The Cortijo

Does not prevent this, however, if we consider a string that moves along the time – in parallel with the time-and back! to start… what boundless imagination yours! -All this assuming that he is not an apocryphal message trying to explain to me. I let me convince, intimately embarrassed by this. (. . . ) We went to the cellar in his car, to find that it is currently in commercial operation. On their way of driving, I reserve the opinion, for the time being.

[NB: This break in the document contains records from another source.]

lemma phiL_remainder_le:
  fixes g1 g2 :: real
  assumes "0 \<le> t" "t \<le> tau0"
  defines "M \<equiv> 1 + \<bar>g1\<bar> + \<bar>g2\<bar>"
  shows "norm (phiL g1 g2 t x - x - t *\<^sub>R Bmap g1 g2 x) \<le> M\<^sup>2 * exp (tau0 * M) * t\<^sup>2 * norm x"
proof -
  have "norm (phiL g1 g2 t x - x - t *\<^sub>R Bmap g1 g2 x) \<le> (t * M)\<^sup>2 * exp (t * M) * norm x"
    unfolding phiL_def M_def
    by (rule exp_series_apply_remainder_le[OF norm_Bmap_le _ assms(1)]) simp
  also have "\<dots> \<le> (t * M)\<^sup>2 * exp (tau0 * M) * norm x"
    using assms by (intro mult_right_mono mult_left_mono) (auto simp: M_def intro: mult_right_mono)
  finally show ?thesis by (simp add: power_mult_distrib mult_ac)
qed

section \<open>The flow of \<open>u' = u - u^3\<close>\<close>

definition cubic_flow_den :: "real \<Rightarrow> real \<Rightarrow> real" where
  "cubic_flow_den t u = exp (-2 * t) + u\<^sup>2 * (1 - exp (-2 * t))"

definition cubic_flow :: "real \<Rightarrow> real \<Rightarrow> real" where
  "cubic_flow t u = u / sqrt (cubic_flow_den t u)"

definition cubic_flow_deriv :: "real \<Rightarrow> real \<Rightarrow> real" where
  "cubic_flow_deriv t u = exp (-2 * t) / (cubic_flow_den t u * sqrt (cubic_flow_den t u))"

lemma phiNL_eq_cubic_flow: "phiNL b t x = (cubic_flow t (fst x), snd x + b * t)"
  unfolding phiNL_def cubic_flow_def cubic_flow_den_def by (simp add: algebra_simps)

lemma cubic_flow_den_ge: "0 \<le> t \<Longrightarrow> exp (-2 * t) \<le> cubic_flow_den t u"
  unfolding cubic_flow_den_def by simp

lemma cubic_flow_den_pos: "0 \<le> t \<Longrightarrow> 0 < cubic_flow_den t u"
  using cubic_flow_den_ge[of t u] exp_gt_zero[of "-2 * t"] by linarith

lemma sqrt_exp_minus_double: "sqrt (exp (-2 * t)) = exp (- t)"
proof -
  have "exp (-2 * t) = (exp (- t))\<^sup>2" by (simp add: power2_eq_square flip: exp_add)
  then show ?thesis by simp
qed

lemma cubic_flow_has_derivative:
  assumes "0 \<le> t"
  shows "(cubic_flow t has_real_derivative cubic_flow_deriv t u) (at u)"
proof -
  define e where "e = exp (-2 * t)"
  define D where "D = cubic_flow_den t u"
  have D: "0 < D" unfolding D_def using cubic_flow_den_pos[OF assms] .
  have "((\<lambda>u. u / sqrt (e + u\<^sup>2 * (1 - e))) has_real_derivative
      (sqrt D - u * (2 * u * (1 - e) * inverse (sqrt D) / 2)) / (sqrt D)\<^sup>2) (at u)"
    using D unfolding D_def cubic_flow_den_def e_def
    by (auto intro!: derivative_eq_intros simp: power2_eq_square)
  moreover have "(sqrt D - u * (2 * u * (1 - e) * inverse (sqrt D) / 2)) / (sqrt D)\<^sup>2
      = e / (D * sqrt D)"
  proof -
    have "sqrt D - u * (2 * u * (1 - e) * inverse (sqrt D) / 2) = (D - u\<^sup>2 * (1 - e)) / sqrt D"
      using D by (simp add: field_simps power2_eq_square)
    also have "D - u\<^sup>2 * (1 - e) = e" unfolding D_def cubic_flow_den_def e_def by simp
    finally show ?thesis using D by (simp add: power2_eq_square)
  qed
  ultimately show ?thesis
    unfolding cubic_flow_def cubic_flow_deriv_def cubic_flow_den_def D_def e_def by simp
qed

lemma cubic_flow_deriv_pos: "0 \<le> t \<Longrightarrow> 0 < cubic_flow_deriv t u"
  unfolding cubic_flow_deriv_def using cubic_flow_den_pos[of t u] by simp

lemma cubic_flow_deriv_le_exp:
  assumes "0 \<le> t"
  shows "cubic_flow_deriv t u \<le> exp t"
proof -
  define e where "e = exp (-2 * t)"
  define D where "D = cubic_flow_den t u"
  have e: "0 < e" unfolding e_def by simp
  have eD: "e \<le> D" unfolding e_def D_def using cubic_flow_den_ge[OF assms] .
  have "exp (- t) \<le> sqrt D"
    using real_sqrt_le_mono[OF eD] unfolding e_def sqrt_exp_minus_double .
  then have "e / (D * sqrt D) \<le> e / (e * exp (- t))"
    using e eD by (intro divide_left_mono mult_mono) auto
  also have "\<dots> = exp t" using e by (simp add: exp_minus field_simps)
  finally show ?thesis unfolding cubic_flow_deriv_def e_def D_def .
qed
(* Let $(\mathbb{P},\le,f)$ be a forcing property for $\mathcal{L}_A$, $G$ a generic set and $\varphi\in\mathcal{L}_A^s(C)$. Then $\varphi^G=\inf_{p\in G}F^w_p(\varphi)$.
   Context: $\mathcal{L}$ is a countable continuous signature; formulas of $\mathcal{L}_{\omega_1,\omega}$ are built from atomic formulas using $\neg$, $\tfrac12$, $\dotplus$, countable conjunctions $\bigwedge$ and $\inf_x$. $\mathcal{L}_A$ is a countable fragment, $C=\{c_i:i<\omega\}$ new constants, $\mathcal{L}_A(C)$ the smallest countable fragment of $\mathcal{L}_{\omega_1,\omega}(C)$ containing $\mathcal{L}_A$, $\mathcal{L}_A^s(C)$ its sentences, $\mathcal{L}_A^{as}(C)$ its atomic sentences, $\mathcal{T}(C)$ closed terms. A forcing property $(\mathbb{P},\le,f)$: poset with $f_p\colon\mathcal{L}_A^{as}(C)\to[0,1]$ such that (1) $p\le q\Rightarrow f_p\le f_q$; (2) for every $p$, $\varepsilon>0$, $\tau,\sigma\in\mathcal{T}(C)$, atomic $\varphi(x)$ there are $q\le p$, $c\in C$ with $f_q(d(\tau,c))<\varepsilon$, $f_q(d(\tau,\sigma))<f_p(d(\sigma,\tau))+\varepsilon$, and if $f_p(d(\tau,\sigma))<\delta_{\varphi,x}(\varepsilon)$ then $f_q(\varphi(\sigma))<f_p(\varphi(\tau))+\varepsilon$. $F_p$: $f_p$ on atomics; $F_p(\neg\varphi)=1-\inf_{q\le p}F_q(\varphi)$; $F_p(\tfrac12\varphi)=\tfrac12F_p(\varphi)$; $F_p(\varphi\dotplus\psi)=\min(F_p(\varphi)+F_p(\psi),1)$; $F_p(\bigwedge\Phi)=\inf_{\varphi\in\Phi}F_p(\varphi)$; $F_p(\inf_x\varphi)=\inf_{c\in C}F_p(\varphi(c))$. Weak forcing: $F^w_p(\varphi)=\sup_{q\le p}\inf_{q'\le q}F_{q'}(\varphi)$. $G\subseteq\mathbb{P}$ is generic if nonempty, downward directed, upward closed, and for every sentence $\varphi$ and $r>1$ some $p\in G$ has $F_p(\varphi)+F_p(\neg\varphi)<r$. $\varphi^G:=\inf_{p\in G}F_p(\varphi)$. *)

theory Defs
  imports Complex_Main "HOL-Library.Countable_Set"
begin

text \<open>Terms: variables, the new constants c_i (CC i), and function symbols of the
signature applied to argument lists (constants of the signature are 0-ary symbols).\<close>
datatype 'f trm = Var nat | CC nat | Fn 'f "'f trm list"

text \<open>Formulas: atomic (relation symbols and the metric d), negation, 1/2, truncated
sum, countable conjunction (indexed by nat), and inf over a variable.\<close>
datatype ('f, 'r) fm =
    Rel 'r "'f trm list"
  | Dist "'f trm" "'f trm"
  | Neg "('f, 'r) fm"
  | Half "('f, 'r) fm"
  | Plus "('f, 'r) fm" "('f, 'r) fm"
  | Conj "nat \<Rightarrow> ('f, 'r) fm"
  | Inf_q nat "('f, 'r) fm"

fun tfv :: "'f trm \<Rightarrow> nat set" where
  "tfv (Var v) = {v}"
| "tfv (CC i) = {}"
| "tfv (Fn g ts) = (\<Union>t\<in>set ts. tfv t)"

fun tsubst :: "(nat \<Rightarrow> 'f trm) \<Rightarrow> 'f trm \<Rightarrow> 'f trm" where
  "tsubst s (Var v) = s v"
| "tsubst s (CC i) = CC i"
| "tsubst s (Fn g ts) = Fn g (map (tsubst s) ts)"

text \<open>Well-formed terms; the flag says whether the new constants C may occur.\<close>
fun twf :: "('f \<Rightarrow> nat) \<Rightarrow> bool \<Rightarrow> 'f trm \<Rightarrow> bool" where
  "twf ar b (Var v) = True"
| "twf ar b (CC i) = b"
| "twf ar b (Fn g ts) = (length ts = ar g \<and> (\<forall>t\<in>set ts. twf ar b t))"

The Cortijo is about five or six kilometers of Aranjuez, careless road, about ten minutes by car. Five minutes in the case of Eugene…. (I said it would not comment.) The winery was a whole with the Church and the houses of the village, inhabited mostly by settlers who arrived in different waves. It is – as the old helmet that covers it in all its extension-a neoclassical construction located in one of the districts of Aranjuez, repopulated secondaries by the monarchy to meet the needs of the kitchen of the Court through their orchards irrigated by river and their dams or irrigation ditches, their herds native and exotic and Aboriginal rainfed crops on the plateau, such as watermelon and melon, brought from Levante, probably. And of course, their ancestral vineyards, with chosen and recognized species. The winery, as I said, had recently been re open as such, having remained forgotten for a hundred years, only used sporadically for the mushroom cultivation, as I rightly assumed. Is of solid work, well designed and planned for use, and provides the basis to all the original buildings of the hamlet, having communication with any of the houses, some exterior opening that serves as a vent, and two important entrances, one of them major, arcaded, at foot of soil, taking advantage of the gap between the lowlands of the Bank and the higher than where the village sits.